Employers still could sponsor wellness programs that include health risk assessments or questionnaires but could flag the questions that are medical inquiries, Mathis said. Many of the questions on such assessments involve lifestyle inquiries that don't trigger the ADA, she said. The EEOC should say employers then must make clear an employee declining to answer the medical questions can't be financially penalized or otherwise disadvantaged regarding employee benefits, Mathis said.

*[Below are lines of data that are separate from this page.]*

(* Let $\kappa$ be a fixed grounding calculus. If a grounding tree $\Gamma[\Delta]\blacktriangleright A$ corresponds to a legitimate grounding derivation in $\kappa$, then $\Gamma[\Delta]\blacktriangleright A$ is derivable from the hypotheses $\Gamma,\Delta$ in any calculus that contains the rules of $\kappa$, the rules for the immediate grounding operator $\blacktriangleright$, and the rules for the grounding tree operator $\triangleright$.
   Context: A grounding calculus $\kappa$ is a natural-deduction system whose grounding rules have the form: from premisses $A_1,\dots,A_n$ (the ground) and a possibly empty list of premisses $[C_1,\dots,C_m]$ (the conditions) infer $B$. A grounding derivation is a derivation constructed by exclusively applying grounding rules of $\kappa$ to a set of consistent hypotheses and containing at least one rule application. Language: formulae are built from propositional variables with $\bot,\neg,\wedge,\vee,\to$, and immediate grounding formulae $\Gamma[\Delta]\blacktriangleright A$, where $\Gamma,\Delta$ are finite lists ($\Delta$ possibly empty) whose elements are either formulae or expressions $(\Theta[\Sigma])\triangleright B$, where $B$ is a formula and $\Theta,\Sigma$ are again such lists (so $\triangleright$ can be nested arbitrarily); an expression $(\Theta[\Sigma])\triangleright B$ is not itself a formula. A grounding tree is a formula $\Gamma[\Delta]\blacktriangleright A$; when no element of $\Gamma,\Delta$ has the form $(\cdot)\triangleright\cdot$ it is an immediate grounding claim. Rules for $\blacktriangleright$: Introduction: immediately below an application of a grounding rule of $\kappa$ with premisses $A_1,\dots,A_n,[C_1,\dots,C_m]$ and conclusion $B$, infer $A_1,\dots,A_n[C_1,\dots,C_m]\blacktriangleright B$. Eliminations: from $\Gamma[\Delta]\blacktriangleright B$ infer $B$, and infer any element of $\Gamma$ or of $\Delta$ whose outermost operator is not $\triangleright$; from $A_1,\dots,A_n[C_1,\dots,C_m]\blacktriangleright B$ infer $\bot$ whenever there is no grounding rule application with those premisses and conclusion. Rules for $\triangleright$: Introductions: from $\Delta[\Theta]\blacktriangleright A$ and $\Gamma_1,A,\Gamma_2[\Xi]\blacktriangleright B$ infer $\Gamma_1,(\Delta[\Theta])\triangleright A,\Gamma_2[\Xi]\blacktriangleright B$; from $\Delta[\Theta]\blacktriangleright C$ and $\Gamma[\Xi_1,C,\Xi_2]\blacktriangleright B$ infer $\Gamma[\Xi_1,(\Delta[\Theta])\triangleright C,\Xi_2]\blacktriangleright B$. Eliminations: from $\Gamma_1,(\Delta[\Theta])\triangleright A,\Gamma_2[\Xi]\blacktriangleright B$ infer $\Delta[\Theta]\blacktriangleright A$ and $\Gamma_1,A,\Gamma_2[\Xi]\blacktriangleright B$; from $\Gamma[\Xi_1,(\Delta[\Theta])\triangleright C,\Xi_2]\blacktriangleright B$ infer $\Delta[\Theta]\blacktriangleright C$ and $\Gamma[\Xi_1,C,\Xi_2]\blacktriangleright B$. Correspondence: a grounding tree $G_1,\dots,G_m[G_{m+1},\dots,G_n]\blacktriangleright A$ (or an expression $(G_1,\dots,G_m[G_{m+1},\dots,G_n])\triangleright A$) corresponds to a grounding derivation $\delta$ iff the root of $\delta$ is $A$, the last rule application $r$ of $\delta$ has $n$ premisses, the first $m$ of which are grounds and the rest conditions, and for each $i$: if $G_i$ does not have the form $(\cdot)\triangleright\cdot$ then the $i$-th premiss of $r$ is $G_i$, and if $G_i$ has the form $(\cdot)\triangleright\cdot$ then the grounding derivation of the $i$-th premiss of $r$ corresponds to $G_i$. *)

theory Defs
  imports Main
begin
lemma Ncount_mul_pred_lt:
  fixes a :: "nat \<Rightarrow> complex" and r c :: real and k :: nat
  defines "h \<equiv> exp (- c * sqrt (real k))"
  assumes r: "0 < r" and c: "0 \<le> c" and S: "0 < sfun a r" and k: "real k \<le> ln (sfun a r)"
    and fin: "finite (Nset a (r * exp h))" and level: "sfun a (r * exp h) < exp (real k + 2)"
  shows "real (Ncount a r) * (real (Ncount a r) - 1)
    < exp 2 * sfun a r * exp (c * sqrt (ln (sfun a r)))"
proof -
  let ?S = "sfun a r"
  have "?S + h * (real (Ncount a r) * (real (Ncount a r) - 1)) < exp (real k + 2)"
    using sfun_shift[OF r _ fin] level by (simp add: h_def)
  then have "real (Ncount a r) * (real (Ncount a r) - 1) < exp (real k + 2) / h"
    using S by (simp add: h_def field_simps)
  also have "\<dots> = exp 2 * exp (real k) * exp (c * sqrt (real k))"
    by (simp add: h_def exp_minus field_simps flip: exp_add)
  also have "\<dots> \<le> exp 2 * ?S * exp (c * sqrt (ln ?S))"
  proof -
    have "exp (real k) \<le> ?S" using k S by (simp add: ln_ge_iff)
    moreover have "exp (c * sqrt (real k)) \<le> exp (c * sqrt (ln ?S))"
      using k c by (simp add: mult_left_mono)
    ultimately show ?thesis using S by (intro mult_mono) auto
  qed
  finally show ?thesis .
qed

lemma lt_of_mul_pred_lt:
  fixes N S \<epsilon> :: real
  assumes "0 < \<epsilon>" "0 < S" "1 \<le> ln S" "9 / \<epsilon>\<^sup>2 \<le> ln S"
    and N: "N * (N - 1) < exp 2 * S * exp ((2 + \<epsilon>) * sqrt (ln S))"
  shows "N < sqrt S * exp ((1 + \<epsilon>) * sqrt (ln S))"
proof (rule ccontr)
  define u where "u = sqrt (ln S)"
  define X where "X = sqrt S * exp ((1 + \<epsilon>) * u)"
  assume "\<not> N < sqrt S * exp ((1 + \<epsilon>) * sqrt (ln S))"
  then have "X \<le> N" by (simp add: X_def u_def)
  have "1 \<le> u" using assms by (simp add: u_def)
  have "9 \<le> \<epsilon>\<^sup>2 * ln S" using assms by (simp add: field_simps)
  then have "3 \<le> sqrt (\<epsilon>\<^sup>2 * ln S)" by (intro real_le_rsqrt) simp
  also have "\<dots> = \<epsilon> * u" using assms by (simp add: u_def real_sqrt_mult)
  finally have "3 \<le> \<epsilon> * u" by simp
  have e2: "2 \<le> exp (1 :: real)" using exp_ge_add_one_self[of 1] by simp
  have "exp 1 \<le> S" using assms by (simp add: ln_ge_iff)
  then have "1 \<le> sqrt S" using e2 by simp
  moreover have "1 \<le> (1 + \<epsilon>) * u" using \<open>1 \<le> u\<close> \<open>3 \<le> \<epsilon> * u\<close> by (simp add: distrib_right)
  then have "2 \<le> exp ((1 + \<epsilon>) * u)" using e2 by (meson exp_le_cancel_iff order_trans)
  ultimately have "1 * 2 \<le> sqrt S * exp ((1 + \<epsilon>) * u)"
    by (intro mult_mono) auto
  then have "2 \<le> X" by (simp add: X_def)
  define P where "P = S * exp ((2 + \<epsilon>) * u)"
  have "0 < P" using assms by (simp add: P_def)
  have "X\<^sup>2 = S * exp (2 * ((1 + \<epsilon>) * u))"
    using assms by (simp add: X_def power_mult_distrib exp_double)
  also have "2 * ((1 + \<epsilon>) * u) = (2 + \<epsilon>) * u + \<epsilon> * u" by (simp add: algebra_simps)
  finally have X2: "X\<^sup>2 = P * exp (\<epsilon> * u)" by (simp add: P_def exp_add)
  have "X * (X - 1) \<le> N * (N - 1)" using \<open>X \<le> N\<close> \<open>2 \<le> X\<close> by (intro mult_mono) auto
  moreover have "0 \<le> X * (X - 2)" using \<open>2 \<le> X\<close> by simp
  moreover have "X * (X - 2) = 2 * (X * (X - 1)) - X\<^sup>2" by (simp add: power2_eq_square algebra_simps)
  moreover have "N * (N - 1) < exp 2 * P" using N by (simp add: P_def u_def)
  ultimately have "P * exp (\<epsilon> * u) < 2 * (exp 2 * P)" unfolding X2 by linarith
  then have "exp (\<epsilon> * u) < 2 * exp 2"
    using \<open>0 < P\<close> by (metis mult.commute mult.left_commute mult_less_cancel_left_pos)
  moreover have "exp 1 * exp 2 \<le> exp (\<epsilon> * u)"
    using \<open>3 \<le> \<epsilon> * u\<close> by (simp flip: exp_add)
  moreover have "2 * exp 2 \<le> exp 1 * exp (2 :: real)" using e2 by simp
  ultimately show False by linarith
qed
(* A tournament $G$ does not have a subtournament isomorphic to $D_4$ if and only if $G$ can be written as $T_n(I^1,\ldots,I^n)$ or as $I_2(T_n(I^1,\ldots,I^n), I)$, where $n \ge 1$ is odd, $I_2$ is taken with its standard ordering of vertices, and $I^1,\ldots,I^n,I$ are transitive tournaments.
   Context: A tournament is a finite, non-null, loopless directed graph in which for any two distinct vertices $u,v$ there is exactly one edge with both ends in $\{u,v\}$; write $u\to v$ for the edge from $u$ to $v$, and $X\Rightarrow Y$ if $x\to y$ for all $x\in X,y\in Y$. A subtournament is the tournament induced on a nonempty vertex subset. A tournament is transitive if its vertices can be ordered $v_1,\dots,v_n$ with $v_i\to v_j$ whenever $i<j$ (the standard ordering); $I_n$ denotes the transitive tournament on $n$ vertices. Substitution: given a tournament $G$ with an ordering $v_1,\dots,v_n$ of its vertices and tournaments $H_1,\dots,H_n$, $G(H_1,\dots,H_n)$ is a tournament whose vertex set is a disjoint union $V_1\cup\dots\cup V_n$, with $V_i\Rightarrow V_j$ whenever $v_i\to v_j$ and the subtournament on $V_i$ isomorphic to $H_i$. For $n=2k+1$, $T_n$ is the tournament on $v_1,\dots,v_n$ (ordered in this way for substitution) with $v_i\to v_j$ iff $j\equiv i+1,\dots,i+k \pmod n$. $D_4$ is the 4-vertex tournament consisting of a cyclic triangle $C$ and a vertex $v$ with $v\to c$ for every vertex $c$ of $C$. *)

theory Defs
  imports Main
begin

text \<open>A tournament is given by a vertex set V and an edge relation E
  (E u v means u \<rightarrow> v); only the values of E on V matter.\<close>
definition tournament :: "'a set \<Rightarrow> ('a \<Rightarrow> 'a \<Rightarrow> bool) \<Rightarrow> bool" where
  "tournament V E \<longleftrightarrow> finite V \<and> V \<noteq> {} \<and> (\<forall>u\<in>V. \<not> E u u) \<and>
     (\<forall>u\<in>V. \<forall>v\<in>V. u \<noteq> v \<longrightarrow> (E u v \<longleftrightarrow> \<not> E v u))"

definition tourn_iso :: "'a set \<Rightarrow> ('a \<Rightarrow> 'a \<Rightarrow> bool) \<Rightarrow> 'b set \<Rightarrow> ('b \<Rightarrow> 'b \<Rightarrow> bool) \<Rightarrow> bool" where
  "tourn_iso V E W F \<longleftrightarrow> (\<exists>f. bij_betw f V W \<and> (\<forall>u\<in>V. \<forall>v\<in>V. E u v \<longleftrightarrow> F (f u) (f v)))"

definition transitive_tournament :: "'a set \<Rightarrow> ('a \<Rightarrow> 'a \<Rightarrow> bool) \<Rightarrow> bool" where
  "transitive_tournament V E \<longleftrightarrow>
     (\<exists>f. bij_betw f {..<card V} V \<and> (\<forall>i j. i < j \<and> j < card V \<longrightarrow> E (f i) (f j)))"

The EEOC proposal does include “some small protections” for employees, such as the notice provision requiring employers to inform workers in advance what information is being sought and how it will be used and protected from disclosure, Mathis said.
But overall, the EEOC leaves employees faced with “a Hobson's choice” of surrendering their medical information or refusing and having to pay hundreds or even thousands of dollars in penalty, Mathis said. “That doesn't solve the problem” of the potential for coercive disclosure of information the ADA is meant to protect, she said.
The EEOC later this year plans to issue a proposed GINA rule regarding employer financial incentives for family members participating in wellness plans. Given the agency's ADA proposal, Mathis said she fears the EEOC is poised to redefine “voluntary” in the GINA context as well.